(Supplied entries)
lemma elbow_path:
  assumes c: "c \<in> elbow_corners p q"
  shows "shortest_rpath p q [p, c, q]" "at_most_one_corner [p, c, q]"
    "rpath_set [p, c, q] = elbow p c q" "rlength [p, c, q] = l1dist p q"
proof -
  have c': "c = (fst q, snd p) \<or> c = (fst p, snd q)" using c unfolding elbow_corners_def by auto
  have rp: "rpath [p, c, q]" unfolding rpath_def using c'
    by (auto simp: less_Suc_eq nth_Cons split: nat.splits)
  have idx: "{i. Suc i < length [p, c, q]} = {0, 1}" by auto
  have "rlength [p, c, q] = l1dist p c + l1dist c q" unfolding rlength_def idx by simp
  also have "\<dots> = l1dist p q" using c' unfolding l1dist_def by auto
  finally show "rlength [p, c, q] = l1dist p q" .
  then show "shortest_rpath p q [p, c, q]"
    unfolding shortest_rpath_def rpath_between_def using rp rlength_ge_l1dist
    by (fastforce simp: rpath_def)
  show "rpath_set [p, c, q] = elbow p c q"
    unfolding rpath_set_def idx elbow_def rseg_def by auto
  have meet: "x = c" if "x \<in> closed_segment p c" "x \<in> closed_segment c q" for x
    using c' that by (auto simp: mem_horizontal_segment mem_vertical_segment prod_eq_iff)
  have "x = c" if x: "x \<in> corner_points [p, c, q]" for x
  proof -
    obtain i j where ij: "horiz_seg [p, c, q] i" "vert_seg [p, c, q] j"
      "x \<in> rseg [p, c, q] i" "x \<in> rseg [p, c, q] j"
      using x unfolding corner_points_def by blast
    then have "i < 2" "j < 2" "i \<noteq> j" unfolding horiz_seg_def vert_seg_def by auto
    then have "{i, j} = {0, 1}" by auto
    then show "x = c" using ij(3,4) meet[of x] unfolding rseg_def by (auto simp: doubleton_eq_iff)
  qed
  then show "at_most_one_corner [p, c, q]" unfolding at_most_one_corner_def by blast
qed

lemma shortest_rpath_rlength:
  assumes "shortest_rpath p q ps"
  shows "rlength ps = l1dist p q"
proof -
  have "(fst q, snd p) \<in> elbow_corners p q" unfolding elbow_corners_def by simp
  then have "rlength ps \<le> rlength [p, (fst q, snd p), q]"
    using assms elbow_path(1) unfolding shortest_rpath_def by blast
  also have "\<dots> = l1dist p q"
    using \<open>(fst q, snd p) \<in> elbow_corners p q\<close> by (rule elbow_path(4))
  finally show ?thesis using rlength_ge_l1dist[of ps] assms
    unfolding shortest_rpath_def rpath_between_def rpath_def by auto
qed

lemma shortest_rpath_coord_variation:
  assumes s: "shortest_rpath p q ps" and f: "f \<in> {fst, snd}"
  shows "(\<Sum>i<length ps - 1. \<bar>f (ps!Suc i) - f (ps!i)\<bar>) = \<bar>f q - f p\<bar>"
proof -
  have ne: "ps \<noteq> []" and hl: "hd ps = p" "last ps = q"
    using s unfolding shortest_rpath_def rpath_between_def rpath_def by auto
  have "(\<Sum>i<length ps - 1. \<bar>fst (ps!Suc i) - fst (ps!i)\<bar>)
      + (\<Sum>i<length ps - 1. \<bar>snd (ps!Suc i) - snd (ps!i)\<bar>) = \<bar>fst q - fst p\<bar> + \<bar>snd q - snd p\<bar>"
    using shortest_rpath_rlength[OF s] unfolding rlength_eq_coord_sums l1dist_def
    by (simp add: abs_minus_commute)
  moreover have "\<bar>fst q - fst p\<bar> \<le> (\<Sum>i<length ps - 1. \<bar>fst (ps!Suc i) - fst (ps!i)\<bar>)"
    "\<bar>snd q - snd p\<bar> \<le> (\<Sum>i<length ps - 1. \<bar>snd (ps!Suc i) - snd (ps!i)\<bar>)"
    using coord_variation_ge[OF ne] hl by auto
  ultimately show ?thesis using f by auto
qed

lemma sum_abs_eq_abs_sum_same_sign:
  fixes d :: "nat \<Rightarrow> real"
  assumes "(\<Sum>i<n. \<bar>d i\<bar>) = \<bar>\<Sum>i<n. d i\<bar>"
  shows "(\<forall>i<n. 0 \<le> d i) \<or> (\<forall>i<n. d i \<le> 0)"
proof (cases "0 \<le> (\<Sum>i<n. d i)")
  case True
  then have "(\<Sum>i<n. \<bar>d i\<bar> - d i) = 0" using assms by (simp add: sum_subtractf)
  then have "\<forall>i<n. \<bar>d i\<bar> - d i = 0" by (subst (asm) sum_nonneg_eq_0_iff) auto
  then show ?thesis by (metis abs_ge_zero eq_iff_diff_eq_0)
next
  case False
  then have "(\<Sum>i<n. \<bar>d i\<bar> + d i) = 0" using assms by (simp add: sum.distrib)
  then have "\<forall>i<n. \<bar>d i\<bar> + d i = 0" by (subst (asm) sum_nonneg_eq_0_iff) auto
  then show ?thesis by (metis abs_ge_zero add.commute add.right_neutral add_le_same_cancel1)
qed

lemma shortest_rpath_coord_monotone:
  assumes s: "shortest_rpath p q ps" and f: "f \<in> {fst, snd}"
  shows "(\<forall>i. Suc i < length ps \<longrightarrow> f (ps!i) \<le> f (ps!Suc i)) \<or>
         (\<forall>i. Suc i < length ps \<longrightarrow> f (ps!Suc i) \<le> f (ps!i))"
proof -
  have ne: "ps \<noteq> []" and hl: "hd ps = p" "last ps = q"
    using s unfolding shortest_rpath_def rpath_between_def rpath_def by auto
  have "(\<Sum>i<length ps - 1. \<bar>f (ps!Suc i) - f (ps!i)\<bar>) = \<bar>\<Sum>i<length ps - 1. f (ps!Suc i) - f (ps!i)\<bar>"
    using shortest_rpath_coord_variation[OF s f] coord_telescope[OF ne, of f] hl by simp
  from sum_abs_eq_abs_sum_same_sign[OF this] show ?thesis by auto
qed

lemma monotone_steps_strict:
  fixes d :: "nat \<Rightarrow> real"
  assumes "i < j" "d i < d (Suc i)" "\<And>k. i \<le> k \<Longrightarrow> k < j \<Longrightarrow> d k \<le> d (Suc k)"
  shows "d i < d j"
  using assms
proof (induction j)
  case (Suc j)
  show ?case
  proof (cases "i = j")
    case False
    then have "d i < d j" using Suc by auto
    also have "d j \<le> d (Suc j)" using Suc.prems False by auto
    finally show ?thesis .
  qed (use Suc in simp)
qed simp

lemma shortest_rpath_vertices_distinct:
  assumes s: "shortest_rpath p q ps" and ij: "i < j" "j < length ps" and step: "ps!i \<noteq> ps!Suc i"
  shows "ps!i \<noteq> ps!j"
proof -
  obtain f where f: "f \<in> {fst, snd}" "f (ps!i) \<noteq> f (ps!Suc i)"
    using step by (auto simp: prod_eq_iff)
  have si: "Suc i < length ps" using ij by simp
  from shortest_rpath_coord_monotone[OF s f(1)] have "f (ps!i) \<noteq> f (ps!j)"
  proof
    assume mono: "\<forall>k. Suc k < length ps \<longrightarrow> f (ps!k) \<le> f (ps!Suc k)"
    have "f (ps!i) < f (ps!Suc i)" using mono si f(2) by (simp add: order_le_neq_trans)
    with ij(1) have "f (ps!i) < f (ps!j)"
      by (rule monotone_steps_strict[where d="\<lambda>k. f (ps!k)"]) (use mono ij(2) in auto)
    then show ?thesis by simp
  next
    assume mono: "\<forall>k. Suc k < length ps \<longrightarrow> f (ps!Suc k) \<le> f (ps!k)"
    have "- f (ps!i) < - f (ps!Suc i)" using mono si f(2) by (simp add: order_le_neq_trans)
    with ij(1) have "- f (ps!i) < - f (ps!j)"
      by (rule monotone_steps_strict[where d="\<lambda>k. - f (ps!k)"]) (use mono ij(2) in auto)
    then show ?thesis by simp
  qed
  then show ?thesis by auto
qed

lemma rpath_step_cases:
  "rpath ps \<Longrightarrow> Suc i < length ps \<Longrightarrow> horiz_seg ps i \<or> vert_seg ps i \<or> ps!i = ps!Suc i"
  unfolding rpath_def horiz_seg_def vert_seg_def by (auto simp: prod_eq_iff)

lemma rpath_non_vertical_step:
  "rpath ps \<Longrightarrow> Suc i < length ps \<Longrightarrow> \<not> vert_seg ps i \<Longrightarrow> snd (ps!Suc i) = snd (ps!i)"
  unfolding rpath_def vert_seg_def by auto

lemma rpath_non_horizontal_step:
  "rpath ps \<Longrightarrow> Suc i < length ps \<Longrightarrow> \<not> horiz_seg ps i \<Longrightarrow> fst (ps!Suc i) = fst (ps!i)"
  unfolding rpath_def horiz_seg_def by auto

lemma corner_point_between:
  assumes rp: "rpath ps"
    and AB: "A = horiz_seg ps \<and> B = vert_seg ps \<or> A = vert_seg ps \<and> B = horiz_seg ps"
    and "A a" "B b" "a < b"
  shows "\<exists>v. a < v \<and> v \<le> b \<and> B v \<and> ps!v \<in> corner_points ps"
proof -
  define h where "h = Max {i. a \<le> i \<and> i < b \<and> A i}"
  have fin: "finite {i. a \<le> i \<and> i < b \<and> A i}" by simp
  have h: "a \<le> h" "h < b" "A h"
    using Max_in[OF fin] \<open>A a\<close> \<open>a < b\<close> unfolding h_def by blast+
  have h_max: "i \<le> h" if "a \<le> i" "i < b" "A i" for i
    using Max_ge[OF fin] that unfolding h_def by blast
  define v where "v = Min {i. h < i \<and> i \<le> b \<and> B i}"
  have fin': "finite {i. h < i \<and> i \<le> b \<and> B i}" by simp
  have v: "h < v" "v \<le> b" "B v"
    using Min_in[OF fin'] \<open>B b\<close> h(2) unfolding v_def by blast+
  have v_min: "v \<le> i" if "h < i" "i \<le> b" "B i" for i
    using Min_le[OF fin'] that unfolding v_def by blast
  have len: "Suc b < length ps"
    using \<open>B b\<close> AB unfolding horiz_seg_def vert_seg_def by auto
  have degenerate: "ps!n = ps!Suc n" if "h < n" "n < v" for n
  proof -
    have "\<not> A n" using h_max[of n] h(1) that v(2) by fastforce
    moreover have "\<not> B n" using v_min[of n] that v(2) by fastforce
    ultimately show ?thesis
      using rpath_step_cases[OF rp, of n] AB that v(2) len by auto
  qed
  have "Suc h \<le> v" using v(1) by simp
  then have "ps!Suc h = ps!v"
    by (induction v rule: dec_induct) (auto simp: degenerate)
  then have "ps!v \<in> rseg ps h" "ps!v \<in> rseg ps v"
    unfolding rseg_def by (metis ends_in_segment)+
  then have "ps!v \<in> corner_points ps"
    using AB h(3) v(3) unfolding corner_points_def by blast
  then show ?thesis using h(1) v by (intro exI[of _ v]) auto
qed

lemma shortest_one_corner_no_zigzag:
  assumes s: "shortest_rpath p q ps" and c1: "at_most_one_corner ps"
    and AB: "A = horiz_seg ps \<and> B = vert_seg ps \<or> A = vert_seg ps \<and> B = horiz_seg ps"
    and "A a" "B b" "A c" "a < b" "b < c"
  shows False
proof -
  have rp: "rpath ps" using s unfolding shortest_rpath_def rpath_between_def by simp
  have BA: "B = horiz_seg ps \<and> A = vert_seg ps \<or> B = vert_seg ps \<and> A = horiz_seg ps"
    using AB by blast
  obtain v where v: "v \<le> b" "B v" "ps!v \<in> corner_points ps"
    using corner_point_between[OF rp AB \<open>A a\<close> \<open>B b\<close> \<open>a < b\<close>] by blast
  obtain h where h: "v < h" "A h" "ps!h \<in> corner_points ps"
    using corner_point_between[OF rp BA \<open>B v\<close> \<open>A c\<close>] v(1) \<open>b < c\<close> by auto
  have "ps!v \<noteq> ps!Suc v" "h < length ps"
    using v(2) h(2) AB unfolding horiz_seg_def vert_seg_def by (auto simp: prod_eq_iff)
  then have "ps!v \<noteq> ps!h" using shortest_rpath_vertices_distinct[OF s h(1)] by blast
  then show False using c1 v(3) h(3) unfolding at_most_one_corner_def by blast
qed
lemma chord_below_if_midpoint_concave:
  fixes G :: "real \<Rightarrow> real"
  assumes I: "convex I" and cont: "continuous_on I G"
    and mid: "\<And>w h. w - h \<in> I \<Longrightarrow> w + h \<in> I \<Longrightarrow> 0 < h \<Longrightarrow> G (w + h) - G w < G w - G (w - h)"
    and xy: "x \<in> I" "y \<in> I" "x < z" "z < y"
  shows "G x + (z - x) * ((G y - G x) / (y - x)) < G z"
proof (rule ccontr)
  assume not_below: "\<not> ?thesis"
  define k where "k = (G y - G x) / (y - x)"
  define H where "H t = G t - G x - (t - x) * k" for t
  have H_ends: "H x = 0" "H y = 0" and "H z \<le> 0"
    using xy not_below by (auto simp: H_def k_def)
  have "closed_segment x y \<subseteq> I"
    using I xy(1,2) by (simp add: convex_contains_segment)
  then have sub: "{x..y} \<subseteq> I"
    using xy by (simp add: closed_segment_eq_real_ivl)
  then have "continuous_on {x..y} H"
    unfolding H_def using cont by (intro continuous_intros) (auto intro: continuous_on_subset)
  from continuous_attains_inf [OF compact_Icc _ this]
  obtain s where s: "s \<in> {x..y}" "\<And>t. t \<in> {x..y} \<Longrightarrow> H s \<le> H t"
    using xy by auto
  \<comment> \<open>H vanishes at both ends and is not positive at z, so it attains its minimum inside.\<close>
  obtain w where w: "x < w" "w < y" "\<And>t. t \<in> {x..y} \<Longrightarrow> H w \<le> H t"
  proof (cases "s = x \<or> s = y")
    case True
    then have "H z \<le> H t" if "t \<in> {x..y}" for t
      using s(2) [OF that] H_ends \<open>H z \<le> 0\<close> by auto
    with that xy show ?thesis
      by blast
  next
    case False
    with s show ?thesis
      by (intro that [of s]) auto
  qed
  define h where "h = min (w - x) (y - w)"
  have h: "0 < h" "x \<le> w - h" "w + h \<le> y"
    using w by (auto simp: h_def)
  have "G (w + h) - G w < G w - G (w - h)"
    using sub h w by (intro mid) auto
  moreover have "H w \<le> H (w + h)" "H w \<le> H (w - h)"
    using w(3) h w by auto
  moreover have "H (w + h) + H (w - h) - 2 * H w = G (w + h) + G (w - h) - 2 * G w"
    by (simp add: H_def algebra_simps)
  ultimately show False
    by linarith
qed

(What you need to do) Which of the lines in the material above contain "induction"? Copy each one out.

(Exercise result)
proof (induction j)
    by (induction v rule: dec_induct) (auto simp: degenerate)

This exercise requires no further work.